-- WHAT TO WORK ON --
Your task is to copy each line of the records that includes the string "refl".

-- MATERIAL SHOWN --
━━━━━━━━━━━━━━━━━━━━━━━━━━━━━━
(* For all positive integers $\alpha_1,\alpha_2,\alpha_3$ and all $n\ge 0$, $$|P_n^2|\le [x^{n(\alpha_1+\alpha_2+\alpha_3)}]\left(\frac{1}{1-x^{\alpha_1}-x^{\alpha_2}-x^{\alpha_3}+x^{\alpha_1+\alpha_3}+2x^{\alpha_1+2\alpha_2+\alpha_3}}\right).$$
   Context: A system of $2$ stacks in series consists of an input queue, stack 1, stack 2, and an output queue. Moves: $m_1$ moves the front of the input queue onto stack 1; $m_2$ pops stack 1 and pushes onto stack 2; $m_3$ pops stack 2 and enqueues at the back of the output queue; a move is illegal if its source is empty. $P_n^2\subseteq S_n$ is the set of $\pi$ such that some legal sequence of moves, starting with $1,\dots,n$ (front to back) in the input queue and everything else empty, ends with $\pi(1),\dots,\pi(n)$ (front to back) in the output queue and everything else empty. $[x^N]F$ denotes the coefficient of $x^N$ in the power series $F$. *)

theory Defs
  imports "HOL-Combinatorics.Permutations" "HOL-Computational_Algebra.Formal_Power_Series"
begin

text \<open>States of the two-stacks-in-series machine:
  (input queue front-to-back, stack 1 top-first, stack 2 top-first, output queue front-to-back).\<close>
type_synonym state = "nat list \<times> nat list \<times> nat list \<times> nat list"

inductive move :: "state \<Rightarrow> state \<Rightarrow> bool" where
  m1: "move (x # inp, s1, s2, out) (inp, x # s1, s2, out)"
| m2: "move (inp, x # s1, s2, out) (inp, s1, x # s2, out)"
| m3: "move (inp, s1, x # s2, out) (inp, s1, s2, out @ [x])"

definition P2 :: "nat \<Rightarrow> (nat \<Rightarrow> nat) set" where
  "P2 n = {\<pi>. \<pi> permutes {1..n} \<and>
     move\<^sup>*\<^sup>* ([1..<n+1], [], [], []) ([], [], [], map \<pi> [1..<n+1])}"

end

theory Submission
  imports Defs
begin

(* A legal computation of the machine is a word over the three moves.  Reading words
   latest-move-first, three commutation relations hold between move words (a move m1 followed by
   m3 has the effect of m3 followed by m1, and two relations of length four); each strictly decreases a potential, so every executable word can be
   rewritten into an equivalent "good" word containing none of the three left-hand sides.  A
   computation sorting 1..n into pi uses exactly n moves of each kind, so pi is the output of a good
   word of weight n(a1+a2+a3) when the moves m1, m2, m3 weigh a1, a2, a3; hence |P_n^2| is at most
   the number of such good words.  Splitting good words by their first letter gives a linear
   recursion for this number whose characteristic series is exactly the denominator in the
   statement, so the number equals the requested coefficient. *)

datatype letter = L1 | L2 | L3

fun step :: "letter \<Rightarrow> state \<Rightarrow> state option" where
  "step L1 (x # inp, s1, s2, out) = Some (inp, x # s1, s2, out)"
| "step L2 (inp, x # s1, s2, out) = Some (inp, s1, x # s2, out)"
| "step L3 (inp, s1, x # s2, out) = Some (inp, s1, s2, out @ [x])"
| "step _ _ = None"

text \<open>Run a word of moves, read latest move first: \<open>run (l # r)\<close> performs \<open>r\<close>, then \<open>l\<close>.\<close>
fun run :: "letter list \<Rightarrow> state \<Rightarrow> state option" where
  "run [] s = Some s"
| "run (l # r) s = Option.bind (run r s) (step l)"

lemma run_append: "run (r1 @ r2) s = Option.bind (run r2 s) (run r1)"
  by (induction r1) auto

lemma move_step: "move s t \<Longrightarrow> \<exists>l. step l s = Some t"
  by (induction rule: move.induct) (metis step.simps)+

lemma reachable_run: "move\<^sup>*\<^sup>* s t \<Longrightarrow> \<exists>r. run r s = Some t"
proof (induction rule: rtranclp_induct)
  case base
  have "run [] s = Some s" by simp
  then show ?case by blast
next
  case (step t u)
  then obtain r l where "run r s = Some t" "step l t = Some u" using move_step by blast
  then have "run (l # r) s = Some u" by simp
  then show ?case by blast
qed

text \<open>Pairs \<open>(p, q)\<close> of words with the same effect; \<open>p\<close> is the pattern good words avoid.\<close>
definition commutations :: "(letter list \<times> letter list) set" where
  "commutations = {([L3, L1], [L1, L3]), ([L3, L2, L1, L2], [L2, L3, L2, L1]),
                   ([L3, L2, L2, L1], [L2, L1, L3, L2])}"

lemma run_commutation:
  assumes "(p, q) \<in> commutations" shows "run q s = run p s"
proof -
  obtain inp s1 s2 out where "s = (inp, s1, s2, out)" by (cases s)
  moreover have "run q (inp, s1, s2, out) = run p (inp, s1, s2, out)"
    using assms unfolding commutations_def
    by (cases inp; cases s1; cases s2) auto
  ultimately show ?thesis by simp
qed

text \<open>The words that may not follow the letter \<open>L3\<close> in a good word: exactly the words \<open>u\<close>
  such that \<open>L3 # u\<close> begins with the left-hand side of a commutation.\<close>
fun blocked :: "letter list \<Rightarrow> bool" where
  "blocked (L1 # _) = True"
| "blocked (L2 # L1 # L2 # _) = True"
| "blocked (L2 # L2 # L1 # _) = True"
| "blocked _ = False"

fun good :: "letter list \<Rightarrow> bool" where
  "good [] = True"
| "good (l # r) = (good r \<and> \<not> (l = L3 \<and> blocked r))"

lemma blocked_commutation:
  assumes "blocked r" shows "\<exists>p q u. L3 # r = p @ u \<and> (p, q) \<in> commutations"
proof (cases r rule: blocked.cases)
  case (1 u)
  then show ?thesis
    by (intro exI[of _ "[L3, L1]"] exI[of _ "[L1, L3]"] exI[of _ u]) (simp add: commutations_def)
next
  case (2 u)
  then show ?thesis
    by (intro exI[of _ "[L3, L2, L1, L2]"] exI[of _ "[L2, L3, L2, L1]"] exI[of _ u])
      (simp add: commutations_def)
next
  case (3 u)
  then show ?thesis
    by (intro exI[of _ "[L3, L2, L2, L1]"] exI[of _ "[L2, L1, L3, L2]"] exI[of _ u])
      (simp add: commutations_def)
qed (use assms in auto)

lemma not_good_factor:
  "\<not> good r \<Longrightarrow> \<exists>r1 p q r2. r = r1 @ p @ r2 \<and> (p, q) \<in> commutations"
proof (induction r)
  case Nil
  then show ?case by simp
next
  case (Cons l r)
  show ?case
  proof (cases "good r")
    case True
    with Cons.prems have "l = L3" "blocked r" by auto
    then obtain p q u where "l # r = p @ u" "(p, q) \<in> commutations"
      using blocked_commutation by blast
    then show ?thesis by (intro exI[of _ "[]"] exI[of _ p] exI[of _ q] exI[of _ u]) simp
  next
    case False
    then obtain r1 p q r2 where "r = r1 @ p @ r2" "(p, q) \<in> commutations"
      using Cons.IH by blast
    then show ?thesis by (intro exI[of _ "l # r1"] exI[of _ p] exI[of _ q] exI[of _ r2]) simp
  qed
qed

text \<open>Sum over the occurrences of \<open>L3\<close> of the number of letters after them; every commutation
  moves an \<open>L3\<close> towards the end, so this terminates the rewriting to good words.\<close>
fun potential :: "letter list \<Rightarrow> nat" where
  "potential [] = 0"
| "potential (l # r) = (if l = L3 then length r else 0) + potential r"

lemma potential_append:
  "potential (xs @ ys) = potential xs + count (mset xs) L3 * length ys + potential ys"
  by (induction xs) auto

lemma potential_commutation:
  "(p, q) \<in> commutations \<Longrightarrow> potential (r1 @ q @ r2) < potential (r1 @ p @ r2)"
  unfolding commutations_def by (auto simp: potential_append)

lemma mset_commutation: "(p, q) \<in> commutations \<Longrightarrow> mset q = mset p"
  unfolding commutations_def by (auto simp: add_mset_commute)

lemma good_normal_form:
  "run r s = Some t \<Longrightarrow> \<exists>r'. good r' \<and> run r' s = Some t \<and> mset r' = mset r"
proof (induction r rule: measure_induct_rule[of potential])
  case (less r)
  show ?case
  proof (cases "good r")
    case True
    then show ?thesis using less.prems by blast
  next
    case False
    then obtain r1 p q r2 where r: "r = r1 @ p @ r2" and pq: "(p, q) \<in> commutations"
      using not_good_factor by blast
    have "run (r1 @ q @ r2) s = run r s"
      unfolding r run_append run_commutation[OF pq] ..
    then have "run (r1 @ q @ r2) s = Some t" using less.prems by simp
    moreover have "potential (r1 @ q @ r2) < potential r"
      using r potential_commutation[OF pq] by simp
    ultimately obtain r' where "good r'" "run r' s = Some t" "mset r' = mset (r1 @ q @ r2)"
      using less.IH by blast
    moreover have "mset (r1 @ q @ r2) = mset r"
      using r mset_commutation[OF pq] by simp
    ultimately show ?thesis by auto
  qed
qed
━━━━━━━━━━━━━━━━━━━━━━━━━━━━━━
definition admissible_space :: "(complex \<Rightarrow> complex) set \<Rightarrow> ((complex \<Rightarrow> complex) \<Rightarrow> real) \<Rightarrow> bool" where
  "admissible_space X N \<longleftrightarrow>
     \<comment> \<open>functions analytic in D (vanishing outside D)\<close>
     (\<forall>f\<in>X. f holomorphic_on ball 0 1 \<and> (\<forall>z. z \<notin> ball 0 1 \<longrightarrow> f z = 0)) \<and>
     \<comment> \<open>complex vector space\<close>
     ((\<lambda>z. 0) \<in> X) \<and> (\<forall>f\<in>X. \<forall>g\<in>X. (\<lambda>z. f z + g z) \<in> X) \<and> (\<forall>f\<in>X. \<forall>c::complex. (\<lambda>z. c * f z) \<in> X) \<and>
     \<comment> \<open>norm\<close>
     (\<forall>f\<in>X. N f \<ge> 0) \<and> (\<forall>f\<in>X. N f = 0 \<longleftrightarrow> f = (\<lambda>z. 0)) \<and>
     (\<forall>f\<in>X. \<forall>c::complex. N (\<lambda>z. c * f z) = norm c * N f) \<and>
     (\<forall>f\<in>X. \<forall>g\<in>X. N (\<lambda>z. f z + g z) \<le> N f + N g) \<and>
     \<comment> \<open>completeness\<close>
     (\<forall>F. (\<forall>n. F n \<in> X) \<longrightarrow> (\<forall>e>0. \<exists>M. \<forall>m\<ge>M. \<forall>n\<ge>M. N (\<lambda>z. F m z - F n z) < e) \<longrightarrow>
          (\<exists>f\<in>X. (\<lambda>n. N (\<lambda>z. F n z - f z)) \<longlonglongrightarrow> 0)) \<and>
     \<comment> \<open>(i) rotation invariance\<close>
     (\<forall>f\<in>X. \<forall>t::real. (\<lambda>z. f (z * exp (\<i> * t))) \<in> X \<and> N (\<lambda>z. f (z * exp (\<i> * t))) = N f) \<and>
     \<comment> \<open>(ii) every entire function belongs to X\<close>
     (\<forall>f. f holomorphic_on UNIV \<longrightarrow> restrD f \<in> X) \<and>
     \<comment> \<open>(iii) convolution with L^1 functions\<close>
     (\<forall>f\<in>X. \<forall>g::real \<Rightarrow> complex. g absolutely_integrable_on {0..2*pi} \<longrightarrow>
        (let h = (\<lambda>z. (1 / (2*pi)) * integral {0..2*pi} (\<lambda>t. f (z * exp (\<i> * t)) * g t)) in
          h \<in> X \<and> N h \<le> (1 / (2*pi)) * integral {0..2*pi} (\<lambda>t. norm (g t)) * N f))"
━━━━━━━━━━━━━━━━━━━━━━━━━━━━━━
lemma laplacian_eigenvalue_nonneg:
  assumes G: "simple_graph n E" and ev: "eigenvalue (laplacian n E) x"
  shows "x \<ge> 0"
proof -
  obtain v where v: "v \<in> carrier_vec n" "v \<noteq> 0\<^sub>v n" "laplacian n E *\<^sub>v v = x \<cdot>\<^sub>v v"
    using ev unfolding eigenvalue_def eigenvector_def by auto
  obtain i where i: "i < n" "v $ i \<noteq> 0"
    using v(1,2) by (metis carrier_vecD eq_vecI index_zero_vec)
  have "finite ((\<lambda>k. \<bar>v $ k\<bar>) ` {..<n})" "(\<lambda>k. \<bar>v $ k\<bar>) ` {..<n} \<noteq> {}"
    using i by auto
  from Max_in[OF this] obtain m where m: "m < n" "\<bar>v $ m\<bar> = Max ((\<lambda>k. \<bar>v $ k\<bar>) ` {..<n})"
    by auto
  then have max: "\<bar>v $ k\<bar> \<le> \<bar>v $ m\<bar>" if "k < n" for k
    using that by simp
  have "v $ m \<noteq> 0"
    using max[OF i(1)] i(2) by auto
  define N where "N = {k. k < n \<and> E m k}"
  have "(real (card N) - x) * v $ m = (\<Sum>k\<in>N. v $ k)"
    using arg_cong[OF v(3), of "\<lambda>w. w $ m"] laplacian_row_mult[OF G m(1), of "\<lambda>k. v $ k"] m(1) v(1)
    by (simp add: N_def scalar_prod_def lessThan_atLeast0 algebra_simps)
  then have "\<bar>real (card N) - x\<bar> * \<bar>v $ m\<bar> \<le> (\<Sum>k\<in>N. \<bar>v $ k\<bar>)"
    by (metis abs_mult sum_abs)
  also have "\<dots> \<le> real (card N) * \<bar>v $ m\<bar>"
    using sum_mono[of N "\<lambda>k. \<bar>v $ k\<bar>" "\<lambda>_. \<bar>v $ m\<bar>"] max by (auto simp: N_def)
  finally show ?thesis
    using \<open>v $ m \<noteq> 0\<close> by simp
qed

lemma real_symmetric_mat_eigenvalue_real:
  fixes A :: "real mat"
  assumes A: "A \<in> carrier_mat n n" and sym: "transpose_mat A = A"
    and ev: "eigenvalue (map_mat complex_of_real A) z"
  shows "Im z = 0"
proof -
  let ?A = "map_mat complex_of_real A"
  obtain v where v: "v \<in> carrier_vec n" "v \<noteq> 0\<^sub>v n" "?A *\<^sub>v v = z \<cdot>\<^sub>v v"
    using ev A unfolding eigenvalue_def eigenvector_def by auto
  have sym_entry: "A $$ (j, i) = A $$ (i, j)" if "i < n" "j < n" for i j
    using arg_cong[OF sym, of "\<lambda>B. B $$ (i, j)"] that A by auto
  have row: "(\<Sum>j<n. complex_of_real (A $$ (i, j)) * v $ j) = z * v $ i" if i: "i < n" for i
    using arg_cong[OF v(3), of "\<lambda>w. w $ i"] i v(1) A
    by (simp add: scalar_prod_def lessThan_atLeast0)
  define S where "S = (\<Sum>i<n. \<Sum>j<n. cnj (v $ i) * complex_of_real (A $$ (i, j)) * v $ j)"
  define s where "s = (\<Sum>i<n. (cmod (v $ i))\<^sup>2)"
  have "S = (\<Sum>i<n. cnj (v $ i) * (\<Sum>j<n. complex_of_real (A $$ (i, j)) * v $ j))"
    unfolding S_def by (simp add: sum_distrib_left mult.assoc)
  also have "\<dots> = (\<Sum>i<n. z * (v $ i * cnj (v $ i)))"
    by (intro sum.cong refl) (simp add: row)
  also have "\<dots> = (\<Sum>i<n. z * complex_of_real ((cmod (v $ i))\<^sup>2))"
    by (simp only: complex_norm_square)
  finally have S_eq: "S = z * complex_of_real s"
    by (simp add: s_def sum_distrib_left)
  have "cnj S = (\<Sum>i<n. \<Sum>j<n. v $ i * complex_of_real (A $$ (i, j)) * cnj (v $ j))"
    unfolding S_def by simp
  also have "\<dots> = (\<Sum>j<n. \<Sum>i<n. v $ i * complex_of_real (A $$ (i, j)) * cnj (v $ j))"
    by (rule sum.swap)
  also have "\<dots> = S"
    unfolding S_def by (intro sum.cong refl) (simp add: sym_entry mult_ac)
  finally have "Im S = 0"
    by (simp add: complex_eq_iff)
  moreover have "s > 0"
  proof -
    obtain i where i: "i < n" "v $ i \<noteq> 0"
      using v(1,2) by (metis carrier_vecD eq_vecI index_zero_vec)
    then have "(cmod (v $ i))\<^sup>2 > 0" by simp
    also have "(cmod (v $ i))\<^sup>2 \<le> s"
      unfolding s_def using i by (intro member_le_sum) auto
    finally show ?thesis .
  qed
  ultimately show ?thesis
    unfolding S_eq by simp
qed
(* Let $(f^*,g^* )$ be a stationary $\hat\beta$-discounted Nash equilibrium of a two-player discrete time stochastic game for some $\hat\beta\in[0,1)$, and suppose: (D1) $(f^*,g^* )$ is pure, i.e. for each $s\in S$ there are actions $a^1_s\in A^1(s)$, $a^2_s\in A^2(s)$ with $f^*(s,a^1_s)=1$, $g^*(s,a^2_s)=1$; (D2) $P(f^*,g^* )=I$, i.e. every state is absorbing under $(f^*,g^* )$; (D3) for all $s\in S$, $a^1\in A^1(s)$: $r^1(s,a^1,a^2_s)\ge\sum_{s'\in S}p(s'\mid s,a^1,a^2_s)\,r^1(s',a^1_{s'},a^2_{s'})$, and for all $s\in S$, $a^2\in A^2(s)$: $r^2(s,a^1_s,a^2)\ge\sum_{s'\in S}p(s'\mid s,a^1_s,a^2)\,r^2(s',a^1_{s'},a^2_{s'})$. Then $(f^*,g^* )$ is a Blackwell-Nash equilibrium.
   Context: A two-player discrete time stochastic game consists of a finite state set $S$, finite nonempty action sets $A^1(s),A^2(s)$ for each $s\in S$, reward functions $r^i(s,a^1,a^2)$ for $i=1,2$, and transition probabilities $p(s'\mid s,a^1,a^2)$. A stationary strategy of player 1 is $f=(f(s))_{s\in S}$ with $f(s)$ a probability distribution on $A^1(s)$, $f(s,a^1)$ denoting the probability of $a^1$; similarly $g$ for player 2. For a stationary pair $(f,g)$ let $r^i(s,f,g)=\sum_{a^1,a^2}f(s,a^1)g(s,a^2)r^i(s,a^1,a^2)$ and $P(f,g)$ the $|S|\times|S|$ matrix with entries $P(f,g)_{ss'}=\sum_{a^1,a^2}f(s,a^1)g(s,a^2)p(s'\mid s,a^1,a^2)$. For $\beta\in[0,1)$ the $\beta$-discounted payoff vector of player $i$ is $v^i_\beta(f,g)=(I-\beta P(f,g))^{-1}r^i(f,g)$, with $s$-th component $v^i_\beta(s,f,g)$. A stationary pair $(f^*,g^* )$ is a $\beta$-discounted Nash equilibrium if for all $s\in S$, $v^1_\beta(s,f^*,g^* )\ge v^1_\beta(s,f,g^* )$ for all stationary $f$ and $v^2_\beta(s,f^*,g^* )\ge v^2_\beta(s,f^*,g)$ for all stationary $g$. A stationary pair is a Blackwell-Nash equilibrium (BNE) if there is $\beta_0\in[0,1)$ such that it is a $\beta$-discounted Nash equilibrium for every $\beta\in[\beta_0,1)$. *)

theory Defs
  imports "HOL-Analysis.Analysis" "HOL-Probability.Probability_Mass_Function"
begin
━━━━━━━━━━━━━━━━━━━━━━━━━━━━━━
-- RESPONSE TO THE EXERCISE --
    by (intro sum.cong refl) (simp add: row)
    unfolding S_def by (intro sum.cong refl) (simp add: sym_entry mult_ac)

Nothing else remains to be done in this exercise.